Material for the task section start

lemma divisor_fun_reflection:
  assumes fin: "finite S" and "0 \<in> S" and refl: "\<And>p. p \<in> S \<Longrightarrow> 1 / cnj p \<in> S"
    and ord_refl: "\<And>p. p \<in> S \<Longrightarrow> ord (1 / cnj p) = ord p"
    and deg: "ord 0 = - (\<Sum>p\<in>S. ord p) - 4"
  obtains K
    where "\<And>w. w \<notin> S \<Longrightarrow> cnj (divisor_fun S ord (1 / cnj w)) = K * divisor_fun S ord w * w ^ 4"
proof
  define K where "K = (\<Prod>q\<in>S - {0}. (- 1 / q) powi ord q)"
  fix w assume "w \<notin> S"
  then have "w \<noteq> 0" using \<open>0 \<in> S\<close> by auto
  have "cnj (divisor_fun S ord (1 / cnj w)) = (\<Prod>p\<in>S. (1 / w - cnj p) powi ord p)"
    by (simp add: divisor_fun_def)
  \<comment> \<open>reindex along the involution \<open>p \<mapsto> 1 / cnj p\<close> of S, which fixes 0 since 1 / 0 = 0\<close>
  also have "\<dots> = (\<Prod>q\<in>S. (1 / w - 1 / q) powi ord q)"
    by (rule prod.reindex_bij_witness[of S "\<lambda>q. 1 / cnj q" "\<lambda>q. 1 / cnj q"])
      (auto simp: refl ord_refl)
  also have "\<dots> = (1 / w) powi ord 0 * (\<Prod>q\<in>S - {0}. (1 / w - 1 / q) powi ord q)"
    using fin \<open>0 \<in> S\<close> by (simp add: prod.remove)
  also have "(\<Prod>q\<in>S - {0}. (1 / w - 1 / q) powi ord q)
      = (\<Prod>q\<in>S - {0}. (w - q) powi ord q * (- 1 / q) powi ord q * (1 / w) powi ord q)"
  proof (rule prod.cong)
    fix q assume "q \<in> S - {0}"
    then have "1 / w - 1 / q = (w - q) * (- 1 / q) * (1 / w)"
      using \<open>w \<noteq> 0\<close> by (auto simp: field_simps)
    then show "(1 / w - 1 / q) powi ord q
                 = (w - q) powi ord q * (- 1 / q) powi ord q * (1 / w) powi ord q"
      by (simp only: power_int_mult_distrib)
  qed simp
  also have "\<dots> = divisor_fun (S - {0}) ord w * K * (1 / w) powi (\<Sum>q\<in>S - {0}. ord q)"
    using \<open>w \<noteq> 0\<close> by (simp add: prod.distrib power_int_sum divisor_fun_def K_def)
  also have "(1 / w) powi ord 0 * \<dots> = K * (divisor_fun (S - {0}) ord w * w powi ord 0) * w ^ 4"
  proof -
    have "(1 / w) powi ord 0 * (1 / w) powi (\<Sum>q\<in>S - {0}. ord q) = (1 / w) powi (\<Sum>q\<in>S. ord q)"
      using fin \<open>0 \<in> S\<close> \<open>w \<noteq> 0\<close> by (simp add: sum.remove power_int_add)
    also have "\<dots> = w powi ord 0 * w ^ 4"
      using \<open>w \<noteq> 0\<close> deg by (simp add: power_int_one_over power_int_diff power_int_minus_divide)
    finally show ?thesis by (simp add: mult_ac)
  qed
  also have "divisor_fun (S - {0}) ord w * w powi ord 0 = divisor_fun S ord w"
    using divisor_fun_remove[OF fin \<open>0 \<in> S\<close>] by simp
  finally show "cnj (divisor_fun S ord (1 / cnj w)) = K * divisor_fun S ord w * w ^ 4" .
qed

Material for the task section end

In the records above, find each line that holds the word "show"; copy all such lines.

    then show "(1 / w - 1 / q) powi ord q
    finally show ?thesis by (simp add: mult_ac)
  finally show "cnj (divisor_fun S ord (1 / cnj w)) = K * divisor_fun S ord w * w ^ 4" .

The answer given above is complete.